I keep a chrysanthemum on my desk. And this may upset you, but I also burn a candle whenever I write to the dead— in case you still have any regrets, in case you summon yourself from the smoke to claim my letters. If I one day see you, I hope you carry the chrysanthemum and fly out of my window; that you find freedom in sailing across the countryside of a nation you’ve never been to before. I remember you used to tell me that I should grow up and get rich, so I could buy you a ticket to Hollywood, a mansion in LA, a starring role in the movies; maybe you can fly over the Hollywood sign, and finally see that it’s smaller than you expected.

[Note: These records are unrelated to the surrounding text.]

lemma sum_power2_ne_zero_last_turn_negative:
  fixes u1 u2 u3 u4 :: complex
  assumes dots: "dot u1 u2 > 0" "dot u2 u3 > 0" "dot u3 u4 > 0" "dot u4 u1 > 0"
    and crosses: "cross u1 u2 > 0" "cross u2 u3 > 0" "cross u3 u4 > 0" "cross u4 u1 < 0"
  shows "u1\<^sup>2 + u2\<^sup>2 + u3\<^sup>2 + u4\<^sup>2 \<noteq> 0"
proof
  assume sum: "u1\<^sup>2 + u2\<^sup>2 + u3\<^sup>2 + u4\<^sup>2 = 0"
  define q2 q3 q4 where "q2 = cnj u1 * u2" "q3 = cnj u1 * u3" "q4 = cnj u1 * u4"
  have "(cmod u1)\<^sup>2 > 0"
    using dots(1) by auto
  have q2: "Re q2 > 0" "Im q2 > 0"
    using dots(1) crosses(1) by (simp_all only: q2_q3_q4_def)
  have q4: "Re q4 > 0" "Im q4 > 0"
    using dots(4) crosses(4)
    by (simp_all only: q2_q3_q4_def dot_commute[of u1 u4] cross_swap[of u1 u4] neg_0_less_iff_less)
  have "dot q2 q3 > 0" "cross q2 q3 > 0" "dot q3 q4 > 0" "cross q3 q4 > 0"
    using \<open>(cmod u1)\<^sup>2 > 0\<close> dots(2,3) crosses(2,3)
    by (simp_all only: q2_q3_q4_def dot_cross_rotate mult_pos_pos)
  then have q3: "Re q3 > 0 \<and> Im q3 > 0"
    using between_in_first_quadrant[OF q2 q4] by blast
  \<comment> \<open>After rotating by \<open>cnj u1\<close> the first square is real and the others lie in the upper half plane.\<close>
  have "(cnj u1)\<^sup>2 * (u1\<^sup>2 + u2\<^sup>2 + u3\<^sup>2 + u4\<^sup>2) = (cnj u1 * u1)\<^sup>2 + q2\<^sup>2 + q3\<^sup>2 + q4\<^sup>2"
    by (simp add: q2_q3_q4_def power2_eq_square algebra_simps)
  then have "Im ((cnj u1)\<^sup>2 * (u1\<^sup>2 + u2\<^sup>2 + u3\<^sup>2 + u4\<^sup>2)) = 2 * (Re q2 * Im q2 + Re q3 * Im q3 + Re q4 * Im q4)"
    by (simp add: power2_eq_square algebra_simps)
  also have "\<dots> > 0"
    using q2 q3 q4 by (simp add: add_pos_pos)
  finally show False
    using sum by simp
qed

lemma dot_cross_cnj: "dot (cnj v) (cnj w) = dot v w" "cross (cnj v) (cnj w) = - cross v w"
  by (simp_all add: mult.commute)

lemma sum_power2_ne_zero_last_turn_opposite:
  fixes u1 u2 u3 u4 :: complex
  assumes dots: "dot u1 u2 > 0" "dot u2 u3 > 0" "dot u3 u4 > 0" "dot u4 u1 > 0"
    and "cross u1 u2 * cross u2 u3 > 0" "cross u2 u3 * cross u3 u4 > 0" "cross u3 u4 * cross u4 u1 < 0"
  shows "u1\<^sup>2 + u2\<^sup>2 + u3\<^sup>2 + u4\<^sup>2 \<noteq> 0"
proof -
  have signs: "0 < x2 \<and> 0 < x3 \<and> x4 < 0"
    if "0 < x1" "x1 * x2 > 0" "x2 * x3 > 0" "x3 * x4 < 0" for x1 x2 x3 x4 :: real
    using that by (auto simp: zero_less_mult_iff mult_less_0_iff)
  consider "cross u1 u2 > 0" | "- cross u1 u2 > 0"
    using assms(5) by (cases "cross u1 u2 > 0") (auto simp: zero_less_mult_iff)
  then show ?thesis
  proof cases
    case 1
    with signs[OF 1 assms(5-7)] show ?thesis
      using sum_power2_ne_zero_last_turn_negative[OF dots] by blast
  next
    case 2
    have "(cnj u1)\<^sup>2 + (cnj u2)\<^sup>2 + (cnj u3)\<^sup>2 + (cnj u4)\<^sup>2 \<noteq> 0"
      using signs[OF 2, of "- cross u2 u3" "- cross u3 u4" "- cross u4 u1"] assms(5-7) 2
      by (intro sum_power2_ne_zero_last_turn_negative)
        (simp_all only: dot_cross_cnj dots mult_minus_left mult_minus_right minus_minus simp_thms)
    then show ?thesis
      by (metis complex_cnj_add complex_cnj_power complex_cnj_zero)
  qed
qed

lemma sum_power2_ne_zero:
  fixes u1 u2 u3 u4 :: complex
  assumes dots: "dot u1 u2 > 0" "dot u2 u3 > 0" "dot u3 u4 > 0" "dot u4 u1 > 0"
    and crosses: "cross u1 u2 * cross u2 u3 * cross u3 u4 * cross u4 u1 < 0"
  shows "u1\<^sup>2 + u2\<^sup>2 + u3\<^sup>2 + u4\<^sup>2 \<noteq> 0"
proof -
  have odd_one_out: "(x1 * x2 > 0 \<and> x2 * x3 > 0 \<and> x3 * x4 < 0) \<or> (x2 * x3 > 0 \<and> x3 * x4 > 0 \<and> x4 * x1 < 0) \<or>
      (x3 * x4 > 0 \<and> x4 * x1 > 0 \<and> x1 * x2 < 0) \<or> (x4 * x1 > 0 \<and> x1 * x2 > 0 \<and> x2 * x3 < 0)"
    if "x1 * x2 * x3 * x4 < 0" for x1 x2 x3 x4 :: real
  proof -
    have "x1 \<noteq> 0" "x2 \<noteq> 0" "x3 \<noteq> 0" "x4 \<noteq> 0"
      using that by auto
    then have "(x1 > 0 \<or> x1 < 0) \<and> (x2 > 0 \<or> x2 < 0) \<and> (x3 > 0 \<or> x3 < 0) \<and> (x4 > 0 \<or> x4 < 0)"
      by auto
    then show ?thesis
      using that by (elim conjE disjE) (simp_all add: mult_less_0_iff zero_less_mult_iff)
  qed
  have "u1\<^sup>2 + u2\<^sup>2 + u3\<^sup>2 + u4\<^sup>2 = u2\<^sup>2 + u3\<^sup>2 + u4\<^sup>2 + u1\<^sup>2"
    "u1\<^sup>2 + u2\<^sup>2 + u3\<^sup>2 + u4\<^sup>2 = u3\<^sup>2 + u4\<^sup>2 + u1\<^sup>2 + u2\<^sup>2"
    "u1\<^sup>2 + u2\<^sup>2 + u3\<^sup>2 + u4\<^sup>2 = u4\<^sup>2 + u1\<^sup>2 + u2\<^sup>2 + u3\<^sup>2"
    by (simp_all add: algebra_simps)
  with odd_one_out[OF crosses] dots show ?thesis
    using sum_power2_ne_zero_last_turn_opposite[of u1 u2 u3 u4] sum_power2_ne_zero_last_turn_opposite[of u2 u3 u4 u1]
      sum_power2_ne_zero_last_turn_opposite[of u3 u4 u1 u2] sum_power2_ne_zero_last_turn_opposite[of u4 u1 u2 u3]
    by metis
qed

lemma turn_eq_roots:
  assumes roots: "\<And>k. k \<in> {1..4} \<Longrightarrow> (u k)\<^sup>2 = qedge A B C D k" and "k \<in> {1..4}"
  shows "turn A B C D k = 2 * dot (u k) (u (nxt k)) * cross (u k) (u (nxt k))"
proof -
  have "nxt k \<in> {1..4}"
    using assms(2) by (auto simp: nxt_def)
  show ?thesis
    unfolding turn_def roots[OF assms(2), symmetric] roots[OF \<open>nxt k \<in> {1..4}\<close>, symmetric]
    by (rule cross_power2)
qed

lemma pos_if_sgn_eq_sgn_mult:
  fixes R P :: real
  assumes "sgn P = sgn (2 * R * P)" "P \<noteq> 0"
  shows "R > 0"
proof -
  have "sgn P = sgn R * sgn P"
    using assms(1) by (simp add: sgn_mult)
  then show ?thesis
    using assms(2) by (simp add: sgn_zero_iff sgn_1_pos)
qed

lemma admissible_roots_dot_pos:
  assumes "nondegenerate A B C D" "admissible_roots A B C D u" "k \<in> {1..3}"
  shows "dot (u k) (u (nxt k)) > 0"
proof (rule pos_if_sgn_eq_sgn_mult)
  have roots: "(u j)\<^sup>2 = qedge A B C D j" if "j \<in> {1..4}" for j
    using assms(2) that by (simp add: admissible_roots_def)
  have "k \<in> {1..4}"
    using assms(3) by simp
  have "sgn (cross (u k) (u (nxt k))) = sgn (turn A B C D k)"
    using assms(2,3) by (auto simp: admissible_roots_def turn_def nxt_def)
  then show "sgn (cross (u k) (u (nxt k))) = sgn (2 * dot (u k) (u (nxt k)) * cross (u k) (u (nxt k)))"
    by (simp only: turn_eq_roots[OF roots \<open>k \<in> {1..4}\<close>])
  have "k = 1 \<or> k = 2 \<or> k = 3"
    using assms(3) by auto
  then have "turn A B C D k \<noteq> 0"
    using assms(1) by (auto simp: nondegenerate_iff_turns)
  then show "cross (u k) (u (nxt k)) \<noteq> 0"
    by (metis mult_zero_right turn_eq_roots[OF roots \<open>k \<in> {1..4}\<close>])
qed
text \<open>Decompose by the first
  passage index k and its sign; by first_passage_sign_persists, Z_i(t_m) then exceeds b with
  at least half the probability.\<close>
lemma levy_reflection:
  assumes sf: "stable_family M \<alpha> Z" and inc: "incseq tt" and t0: "tt 0 = 0" and b0: "b \<ge> 0"
  shows "measure M {\<omega>\<in>space M. \<exists>k\<le>m. b < \<bar>Z i (tt k) \<omega>\<bar>} \<le> 2 * measure M {\<omega>\<in>space M. b < \<bar>Z i (tt m) \<omega>\<bar>}"
proof -
  interpret prob_space M by (rule stable_family_prob_space[OF sf])
  have [measurable]: "Z i t \<in> borel_measurable M" for t using stable_family_measurable[OF sf] by blast
  define E where "E k = {\<omega>\<in>space M. b < \<bar>Z i (tt k) \<omega>\<bar> \<and> (\<forall>l<k. \<not> b < \<bar>Z i (tt l) \<omega>\<bar>)}" for k
  define Ec where "Ec c k = {\<omega>\<in>space M. b < \<bar>Z i (tt k) \<omega>\<bar> \<and> (\<forall>l<k. \<bar>Z i (tt l) \<omega>\<bar> \<le> b) \<and> 0 < c * Z i (tt k) \<omega>}"
    for c :: real and k
  define Fc where "Fc c k = {\<omega>\<in>space M. (b < \<bar>Z i (tt k) \<omega>\<bar> \<and> (\<forall>l<k. \<bar>Z i (tt l) \<omega>\<bar> \<le> b) \<and> 0 < c * Z i (tt k) \<omega>)
      \<and> Z i (tt m) \<omega> - Z i (tt k) \<omega> \<in> {x. 0 \<le> c * x}}" for c :: real and k
  define G where "G k = Fc 1 k \<union> Fc (-1) k" for k
  have Esets: "E k \<in> events" and Ecsets: "Ec c k \<in> events" and Fcsets: "Fc c k \<in> events" for c k
    unfolding E_def Ec_def Fc_def by measurable
  have Gsets: "G k \<in> events" for k unfolding G_def using Fcsets by auto
  have EG: "prob (E k) \<le> 2 * prob (G k)" if "k \<le> m" for k
  proof -
    have "E k = Ec 1 k \<union> Ec (-1) k" "Ec 1 k \<inter> Ec (-1) k = {}" "Fc 1 k \<inter> Fc (-1) k = {}"
      unfolding E_def Ec_def Fc_def using b0 by auto
    then have sums: "prob (E k) = prob (Ec 1 k) + prob (Ec (-1) k)" "prob (G k) = prob (Fc 1 k) + prob (Fc (-1) k)"
      unfolding G_def by (simp_all add: finite_measure_Union Ecsets Fcsets)
    have "prob (Ec 1 k) + prob (Ec (-1) k) \<le> 2 * prob (Fc 1 k) + 2 * prob (Fc (-1) k)"
      unfolding Ec_def Fc_def by (intro add_mono first_passage_sign_persists[OF sf inc t0 that]) auto
    then show ?thesis unfolding sums by simp
  qed
  have UE: "{\<omega>\<in>space M. \<exists>k\<le>m. b < \<bar>Z i (tt k) \<omega>\<bar>} = (\<Union>k\<in>{..m}. E k)"
    and disjE: "disjoint_family_on E {..m}"
    unfolding E_def by (rule first_passage_decomposition)+
  have "G k \<subseteq> E k" for k unfolding G_def Fc_def E_def by auto
  then have disjG: "disjoint_family_on G {..m}"
    using disjE unfolding disjoint_family_on_def by blast
  have UG: "(\<Union>k\<in>{..m}. G k) \<subseteq> {\<omega>\<in>space M. b < \<bar>Z i (tt m) \<omega>\<bar>}"
    unfolding G_def Fc_def by auto
  have "prob {\<omega>\<in>space M. \<exists>k\<le>m. b < \<bar>Z i (tt k) \<omega>\<bar>} = (\<Sum>k\<in>{..m}. prob (E k))"
    unfolding UE by (rule finite_measure_finite_Union) (use Esets disjE in auto)
  also have "\<dots> \<le> (\<Sum>k\<in>{..m}. 2 * prob (G k))" by (rule sum_mono) (rule EG, simp)
  also have "\<dots> = 2 * prob (\<Union>k\<in>{..m}. G k)"
    by (subst finite_measure_finite_Union) (use Gsets disjG in \<open>auto simp: sum_distrib_left\<close>)
  also have "\<dots> \<le> 2 * prob {\<omega>\<in>space M. b < \<bar>Z i (tt m) \<omega>\<bar>}"
    using UG by (intro mult_left_mono finite_measure_mono) auto
  finally show ?thesis .
qed
lemma count_free_eq_sum_fibers:
  assumes "u \<noteq> v" and "finite E" and "{u, v} \<notin> E" and "\<forall>e\<in>E. card e = 2"
  shows "count_free r k F E =
    (\<Sum>c0\<in>colorings r {e \<in> E. u \<notin> e \<and> v \<notin> e}.
      card (free_fiber r (has_copy k F) {e \<in> E. v \<notin> e} {e \<in> E. u \<notin> e \<and> v \<notin> e} c0)
      * card (free_fiber r (has_copy k F) {e \<in> E. u \<notin> e} {e \<in> E. u \<notin> e \<and> v \<notin> e} c0))"
proof -
  define G1 where "G1 = {e \<in> E. v \<notin> e}"
  define G2 where "G2 = {e \<in> E. u \<notin> e}"
  have "\<not> (u \<in> e \<and> v \<in> e)" if "e \<in> E" for e
  proof
    assume uv: "u \<in> e \<and> v \<in> e"
    have "card e = 2"
      using assms(4) that by blast
    then obtain x y where "e = {x, y}"
      by (meson card_2_iff)
    with uv \<open>u \<noteq> v\<close> have "e = {u, v}"
      by auto
    with that \<open>{u, v} \<notin> E\<close> show False
      by simp
  qed
  then have partition: "E = G1 \<union> G2"
    by (auto simp: G1_def G2_def)
  have overlap: "G1 \<inter> G2 = {e \<in> E. u \<notin> e \<and> v \<notin> e}"
    by (auto simp: G1_def G2_def)
  have "count_free r k F E = card {c \<in> colorings r (G1 \<union> G2). \<not> has_copy k F (G1 \<union> G2) c}"
    unfolding count_free_def partition[symmetric] ..
  also have "\<dots> = (\<Sum>c0\<in>colorings r (G1 \<inter> G2). card (free_fiber r (has_copy k F) G1 (G1 \<inter> G2) c0)
      * card (free_fiber r (has_copy k F) G2 (G1 \<inter> G2) c0))"
  proof (rule card_free_colorings_Un[where P = "has_copy k F"])
    show "finite G1" "finite G2"
      using \<open>finite E\<close> by (simp_all add: G1_def G2_def)
    show "has_copy k F (G1 \<union> G2) c \<longleftrightarrow> has_copy k F G1 c \<or> has_copy k F G2 c" for c
      by (rule has_copy_Un_iff[OF \<open>u \<noteq> v\<close>]) (auto simp: G1_def G2_def)
  qed (fact has_copy_cong)
  finally show ?thesis
    unfolding overlap by (simp only: G1_def G2_def)
qed

lemma count_free_symmetrization:
  assumes "u \<noteq> v" and "finite E" and "{u, v} \<notin> E" and "\<forall>e\<in>E. card e = 2"
  shows "2 * count_free r k F E \<le> count_free r k F (clone E u v) + count_free r k F (clone E v u)"
proof -
  define E0 where "E0 = {e \<in> E. u \<notin> e \<and> v \<notin> e}"
  define a where "a c0 = card (free_fiber r (has_copy k F) {e \<in> E. v \<notin> e} E0 c0)" for c0
  define b where "b c0 = card (free_fiber r (has_copy k F) {e \<in> E. u \<notin> e} E0 c0)" for c0
  have E0_sym: "{e \<in> E. v \<notin> e \<and> u \<notin> e} = E0"
    by (auto simp: E0_def)
  have am_gm: "2 * (a c0 * b c0) \<le> a c0 ^ 2 + b c0 ^ 2" for c0
  proof -
    have "real (2 * (a c0 * b c0)) \<le> real (a c0 ^ 2 + b c0 ^ 2)"
      using sum_squares_bound[of "real (a c0)" "real (b c0)"] by simp
    then show ?thesis
      by (simp only: of_nat_le_iff)
  qed
  have "2 * count_free r k F E = (\<Sum>c0\<in>colorings r E0. 2 * (a c0 * b c0))"
    unfolding count_free_eq_sum_fibers[OF assms] a_def b_def E0_def by (simp add: sum_distrib_left)
  also have "\<dots> \<le> (\<Sum>c0\<in>colorings r E0. a c0 ^ 2 + b c0 ^ 2)"
    by (rule sum_mono) (rule am_gm)
  also have "\<dots> = (\<Sum>c0\<in>colorings r E0. a c0 ^ 2) + (\<Sum>c0\<in>colorings r E0. b c0 ^ 2)"
    by (rule sum.distrib)
  also have "(\<Sum>c0\<in>colorings r E0. a c0 ^ 2) = count_free r k F (clone E u v)"
    unfolding a_def E0_def by (rule count_free_clone[OF assms(1,2), symmetric])
  also have "(\<Sum>c0\<in>colorings r E0. b c0 ^ 2) = count_free r k F (clone E v u)"
    unfolding b_def E0_sym[symmetric] by (rule count_free_clone[OF assms(1)[symmetric] assms(2), symmetric])
  finally show ?thesis .
qed

lemma mem_clone_iff:
  assumes "v \<notin> e"
  shows "e \<in> clone E u v \<longleftrightarrow> e \<in> E"
  unfolding clone_def Un_iff mem_transpose_image_iff using assms by auto

lemma insert_mem_clone_iff:
  assumes "u \<noteq> v" and "y \<noteq> v" and "{u} \<notin> E"
  shows "{v, y} \<in> clone E u v \<longleftrightarrow> {u, y} \<in> E"
proof -
  have "{v, y} \<in> clone E u v \<longleftrightarrow> {u, transpose u v y} \<in> E \<and> y \<noteq> u"
    unfolding clone_def Un_iff mem_transpose_image_iff using assms(1) by auto
  also have "\<dots> \<longleftrightarrow> {u, y} \<in> E"
    using assms by (cases "y = u") auto
  finally show ?thesis .
qed

lemma finite_pairs: "finite (pairs {..<n::nat})"
  unfolding pairs_def by (rule finite_subset[of _ "Pow {..<n}"]) auto

lemma finite_graphs_on: "finite {E. graph_on n E}"
  unfolding graph_on_def using finite_pairs by simp

lemma graph_on_finite: "graph_on n E \<Longrightarrow> finite E"
  unfolding graph_on_def by (rule finite_subset[OF _ finite_pairs])

lemma graph_on_card_edge: "graph_on n E \<Longrightarrow> e \<in> E \<Longrightarrow> card e = 2"
  unfolding graph_on_def pairs_def by auto

lemma graph_on_no_loop: "graph_on n E \<Longrightarrow> {x} \<notin> E"
  using graph_on_card_edge by fastforce

lemma count_free_le_max_count_free: "graph_on n E \<Longrightarrow> count_free r k F E \<le> max_count_free r k F n"
  unfolding max_count_free_def using finite_graphs_on by (intro Max_ge) auto

lemma ex_extremal: "\<exists>E. extremal r k F n E"
proof -
  have "{E. graph_on n E} \<noteq> {}"
    by (auto simp: graph_on_def)
  then have "max_count_free r k F n \<in> count_free r k F ` {E. graph_on n E}"
    unfolding max_count_free_def using finite_graphs_on by (intro Max_in) auto
  then show ?thesis
    unfolding extremal_def by auto
qed

lemma graph_on_clone:
  assumes "graph_on n E" and "u < n" and "v < n"
  shows "graph_on n (clone E u v)"
  unfolding graph_on_def
proof
  fix e assume "e \<in> clone E u v"
  then obtain h where h: "h \<in> E" and e: "e = h \<or> e = transpose u v ` h"
    unfolding clone_def by blast
  have "h \<subseteq> {..<n}" and "card h = 2"
    using assms(1) h unfolding graph_on_def pairs_def by auto
  moreover have "transpose u v ` h \<subseteq> {..<n}"
    using \<open>h \<subseteq> {..<n}\<close> assms(2,3) by (auto simp: transpose_def)
  moreover have "card (transpose u v ` h) = card h"
    by (simp add: card_image)
  ultimately show "e \<in> pairs {..<n}"
    using e by (auto simp: pairs_def)
qed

I wonder which flower language scripts out where each chrysanthemum blooms over you while you’re in the sky— over your eye bags, your knuckles, the mouth you use more for swearing than making normal conversation. I’m sorry. When I remember you, it’s there, in your shadow: how you looked the last time I ever saw you, your knuckles purple, your fingers crushed into your hair, groaning about how you’d survive the next few months without the money. But I still imagine flowers swarming this image— braiding themselves between your fingers and silvering strands, they frame the arc of your cheeks like fine art. I still think about how chrysanthemums bloom amidst perseverance, how beauty survives in the most harrowing places.

I hope you one day find a place to plant yourself in peace. I keep looking at the sky these days, and the air pollution worsens every time. Seems like many ambitions, many past people haunt our skies— like the sky in every country is the same, our smog the same trail of spirits sprinting like shooting stars, trying to crashland in a place they can call home.

With love still,
Your zhínû

(I forgot the word for niece until XiǎoYuè reminded me what it was. It’s been a while, and I’m no one else’s zhínû anymore; if I don’t memorialize it, brandish it here, I’m scared the word might detach from me and follow you into the night.)